A gay Russian Jewish teenager comes of age in Brighton Beach in the touching new independent film “Minyan,” a subtle and sensitive drama that tells an unexpected story about the Brooklyn neighborhood’s large immigrant Jewish community.
Based on a short story by David Bezmozgis, an author who has long grappled with Russian Jewish identity in meticulous and probing ways, Eric Steel’s film finds a unique way to highlight its queer themes through the prism of an Orthodox Jewish culture that heavily prizes manhood, and strength in numbers. If 10 men gathering in prayer is a holy act, the film posits, then surely two men gathering in love must have some degree of holiness to it, as well.
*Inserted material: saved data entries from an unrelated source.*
lemma open_walk_to_path:
  assumes "acyclic E" "X \<inter> Y = {}"
  shows "open_walk E Z xs \<Longrightarrow> xs \<noteq> [] \<Longrightarrow> hd xs \<in> X \<Longrightarrow> last xs \<in> Y \<Longrightarrow>
    \<exists>ys. 2 \<le> length ys \<and> distinct ys \<and> open_walk E Z ys \<and> hd ys \<in> X \<and> last ys \<in> Y"
proof (induction "length xs" arbitrary: xs rule: less_induct)
  case less
  show ?case
  proof (cases "distinct xs")
    case True
    have "length xs \<noteq> 1"
      using less.prems assms(2) by (auto simp: length_Suc_conv)
    then show ?thesis
      using True less.prems by (metis One_nat_def length_0_conv less_2_cases not_le)
  next
    case False
    then obtain us v ws vs where xs: "xs = us @ [v] @ ws @ [v] @ vs"
      using not_distinct_decomp by blast
    have "open_walk E Z (us @ v # vs)"
      using open_walk_skip_loop[OF assms(1)] less.prems(1) xs by simp
    moreover have "hd (us @ v # vs) \<in> X" "last (us @ v # vs) \<in> Y"
      using less.prems(3,4) xs by (cases us; cases vs; simp)+
    ultimately show ?thesis
      using less.hyps[of "us @ v # vs"] xs by simp
  qed
qed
Samuel H. Levine, who riveted Broadway audiences in “The Inheritance,” turns in a fully lived-in lead performance as David, the only son to a family of Soviet Jewish immigrants in 1986. David, whom Levine plays with a quiet, subdued curiosity, feels little affection for his parents: His mother (Brooke Bloom), insistent on sending him to a yeshiva where he is routinely bullied, seems blind to his true needs, while his abusive, philandering father seems to be imparting the wrong ideas about masculinity. To discipline his son for getting into a fight with another yeshiva student who mocks him for being Russian, David’s father sucker-punches him in the face.
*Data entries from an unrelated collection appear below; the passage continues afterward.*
(* Consider a finite Markov decision process with state set $\mathcal S$, action set $\mathcal A$, transition function $P$, reward function $R$, initial state distribution $d_0$ and discount factor $\gamma\in[0,1)$, together with a finite set of options $\mathcal O$ in which every option $o$ has an intra-option policy $\pi_o(s,a,\theta)$ (a probability distribution over $a\in\mathcal A$ for each $s$), differentiable in a parameter vector $\theta$, a termination function $\beta_o(s)\in[0,1]$, and a policy over options $\pi_{\mathcal O}(s,o)$. Let $X=(S_0,O_0,A_0,S_1,O_1,A_1,\dots)$ be the random path generated by the option dynamics described in the context, and for $\mathcal T\in\mathbb N$ let $G^{\mathcal T}_\theta$ be the $\mathcal T$-step finite horizon Fisher information matrix with respect to $\theta$, i.e. the Fisher information matrix of the distribution of the path truncated to terminate at time step $\mathcal T$: $$\big(G^{\mathcal T}_\theta\big)_{i,j}=\mathbb E\Big[\frac{\partial \ln \Pr(X_{0:\mathcal T};\theta)}{\partial\theta_i}\frac{\partial \ln \Pr(X_{0:\mathcal T};\theta)}{\partial\theta_j}\Big] .$$ Let $\mu_{\mathcal O}(s,o)$ denote the stationary distribution of state-option pairs $(s,o)$ of this process. Then $$\lim_{\mathcal T\to\infty}\frac{1}{\mathcal T}G^{\mathcal T}_\theta=\langle G_\theta\rangle_{\mu_{\mathcal O}(s,o)},\qquad\text{where}\qquad \big(\langle G_\theta\rangle_{\mu_{\mathcal O}(s,o)}\big)_{i,j}=\sum_{s,o}\mu_{\mathcal O}(s,o)\sum_{a}\pi_o(s,a,\theta)\,\frac{\partial\ln\pi_o(s,a,\theta)}{\partial\theta_i}\frac{\partial\ln\pi_o(s,a,\theta)}{\partial\theta_j},$$ i.e. the limit equals the Fisher information matrix of the intra-option policies under the stationary distribution $\pi_o(s,a,\theta)\mu_{\mathcal O}(s,o)$ of states, options and actions.
   Context: Option dynamics (option-critic framework, all options available in every state): at time $t$ the agent is in state $S_t$ with active option $O_t$; it draws $A_t\sim\pi_{O_t}(S_t,\cdot,\theta)$, receives a reward $R_t$ with $\mathbb E[R_t\mid S_t=s,A_t=a]=R(s,a)$, and the environment moves to $S_{t+1}\sim P(S_t,A_t,\cdot)$. The next option is then drawn with probability $\Pr(O_{t+1}=o'\mid O_t=o,S_{t+1}=s')=(1-\beta_o(s'))\mathbf 1_{o'=o}+\beta_o(s')\pi_{\mathcal O}(s',o')$. The initial pair $(S_0,O_0)=(s_0,o_0)$ is given. The discounted problem is treated as an undiscounted one in which the process terminates with probability $1-\gamma$ at each step. The process of state-option pairs is assumed ergodic and irreducible, so that $\mu_{\mathcal O}(s,o)$ is a well-defined stationary distribution. *)

theory Defs
  imports "HOL-Analysis.Analysis"
begin

definition partial :: "'p::finite \<Rightarrow> (real^'p \<Rightarrow> real) \<Rightarrow> real^'p \<Rightarrow> real" where
  "partial i f th = deriv (\<lambda>t. f (th + t *\<^sub>R axis i 1)) 0"

text \<open>Option switching probability Pr(O_{t+1}=q' | O_t=q, S_{t+1}=s').\<close>
definition opt_next :: "('q \<Rightarrow> 's \<Rightarrow> real) \<Rightarrow> ('s \<Rightarrow> 'q \<Rightarrow> real) \<Rightarrow> 'q \<Rightarrow> 's \<Rightarrow> 'q \<Rightarrow> real" where
  "opt_next \<beta> \<pi>O q s' q' = (1 - \<beta> q s') * (if q' = q then 1 else 0) + \<beta> q s' * \<pi>O s' q'"

text \<open>Probability of a path segment (S_t,O_t,A_t),...,(S_{t+k},O_{t+k},A_{t+k}) given (S_t,O_t).\<close>
fun path_prob_aux :: "('q \<Rightarrow> 's \<Rightarrow> 'a \<Rightarrow> real^'p \<Rightarrow> real) \<Rightarrow> ('s \<Rightarrow> 'a \<Rightarrow> 's \<Rightarrow> real)
    \<Rightarrow> ('q \<Rightarrow> 's \<Rightarrow> real) \<Rightarrow> ('s \<Rightarrow> 'q \<Rightarrow> real) \<Rightarrow> real^'p \<Rightarrow> ('s \<times> 'q \<times> 'a) list \<Rightarrow> real" where
  "path_prob_aux \<pi> P \<beta> \<pi>O th [] = 1"
| "path_prob_aux \<pi> P \<beta> \<pi>O th [(s, q, a)] = \<pi> q s a th"
| "path_prob_aux \<pi> P \<beta> \<pi>O th ((s, q, a) # (s', q', a') # xs) =
     \<pi> q s a th * P s a s' * opt_next \<beta> \<pi>O q s' q' * path_prob_aux \<pi> P \<beta> \<pi>O th ((s', q', a') # xs)"

text \<open>Probability of the truncated path X_{0:T} = ((S_0,O_0,A_0),...,(S_{T-1},O_{T-1},A_{T-1}))
  when (S_0,O_0) = (s0,q0).\<close>
definition path_prob where
  "path_prob \<pi> P \<beta> \<pi>O s0 q0 th xs =
     (case xs of [] \<Rightarrow> 1
      | (s, q, a) # _ \<Rightarrow> if s = s0 \<and> q = q0 then path_prob_aux \<pi> P \<beta> \<pi>O th xs else 0)"

definition fisher_T where
  "fisher_T \<pi> P \<beta> \<pi>O s0 q0 th T i j =
     (\<Sum>xs\<in>{xs :: ('s::finite \<times> 'q::finite \<times> 'a::finite) list. length xs = T}.
        path_prob \<pi> P \<beta> \<pi>O s0 q0 th xs
        * partial i (\<lambda>th'. ln (path_prob \<pi> P \<beta> \<pi>O s0 q0 th' xs)) th
        * partial j (\<lambda>th'. ln (path_prob \<pi> P \<beta> \<pi>O s0 q0 th' xs)) th)"

definition so_kernel where
  "so_kernel \<pi> P \<beta> \<pi>O th = (\<lambda>(s, q) (s', q').
     (\<Sum>a\<in>(UNIV :: 'a::finite set). \<pi> q s a th * P s a s' * opt_next \<beta> \<pi>O q s' q'))"

fun kpow :: "('x::finite \<Rightarrow> 'x \<Rightarrow> real) \<Rightarrow> nat \<Rightarrow> 'x \<Rightarrow> 'x \<Rightarrow> real" where
  "kpow K 0 x y = (if x = y then 1 else 0)"
| "kpow K (Suc n) x y = (\<Sum>z\<in>UNIV. kpow K n x z * K z y)"

definition irreducible_chain :: "('x::finite \<Rightarrow> 'x \<Rightarrow> real) \<Rightarrow> bool" where
  "irreducible_chain K \<longleftrightarrow> (\<forall>x y. \<exists>n. kpow K n x y > 0)"

definition aperiodic_chain :: "('x::finite \<Rightarrow> 'x \<Rightarrow> real) \<Rightarrow> bool" where
  "aperiodic_chain K \<longleftrightarrow> (\<forall>x. Gcd {n. n > 0 \<and> kpow K n x x > 0} = 1)"

definition stationary_dist :: "('x::finite \<Rightarrow> 'x \<Rightarrow> real) \<Rightarrow> ('x \<Rightarrow> real) \<Rightarrow> bool" where
  "stationary_dist K \<mu> \<longleftrightarrow> (\<forall>x. \<mu> x \<ge> 0) \<and> (\<Sum>x\<in>UNIV. \<mu> x) = 1 \<and>
     (\<forall>y. (\<Sum>x\<in>UNIV. \<mu> x * K x y) = \<mu> y)"

definition avg_fisher where
  "avg_fisher \<pi> \<mu> th i j =
     (\<Sum>(s, q)\<in>UNIV. \<mu> (s, q) * (\<Sum>a\<in>(UNIV :: 'a::finite set). \<pi> q s a th
        * partial i (\<lambda>th'. ln (\<pi> q s a th')) th * partial j (\<lambda>th'. ln (\<pi> q s a th')) th))"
Instead, David gravitates to his grandfather Josef (Ron Rifkin), whose calm, matter-of-fact rituals bring him comfort. As the film opens, Josef has decided to seek out a new apartment for himself after the death of his wife. Here we see why the film is called “Minyan”: Josef is only able to secure a fixed-income apartment in a synagogue building once David agrees to join him, because together they give the congregation the requisite 10 men it needs to pray.
In all these buildings full of Jews dealing with repressed generational trauma (the Holocaust and the Soviet Jewish purges are both frequently invoked), David finally discovers a little piece of himself. His neighbors in the synagogue are two elderly men who live together; they have a storyline that explains their arrangement, which the community accepts, but it’s clear they find more comfort in this open secret than they ever could have in the USSR. Soon after meeting them, David begins to explore a local gay bar, and loses his virginity to a brooding bartender (Alex Hurt) who, at the height of the AIDS epidemic, seems shocked by his new lover’s youth and ignorance of the disease — and how David, having already avoided one life of misery at the grace of his parents, is unaware he may now be dooming himself to another.
As David quietly, tentatively tries to navigate his environment (partially with the help of James Baldwin’s books, which are invoked as holy texts on par with anything in the Talmud), “Minyan” finds meaningful ways to frame his maturity alongside his growth in Jewish thought. Aided by David Krakauer and Kathleen Tagg’s klezmer score, the film spotlights the moments when its hero comes into his own: leading a Mourner’s Kaddish prayer, advocating for a fellow Jew’s living conditions or simply listening to his mother describe her relief that she could give him a new life where he wouldn’t be targeted for his Judaism.
Little in Steel’s prior filmography — his most notable previous directing credit was the controversial 2006 documentary “The Bridge,” which secretly filmed a year’s worth of suicides off the Golden Gate Bridge — indicated that he aimed to tackle a story as delicate and human as “Minyan.” But Steel himself grew up gay and Jewish in the 1980s, and he’s smartly fused Bezmozgis’ source material with his own memories to create a film with a personal touch. The movie even feels in league with works by Ira Sachs and Andrew Haigh, the reigning kings of layered, nuanced stories about gay communities, while also being deeply Jewish. “Minyan” is an intimate story of outcasts in many forms.
“Minyan” opens today at the IFC Center in New York and expands to Los Angeles and on-demand rental Oct. 29.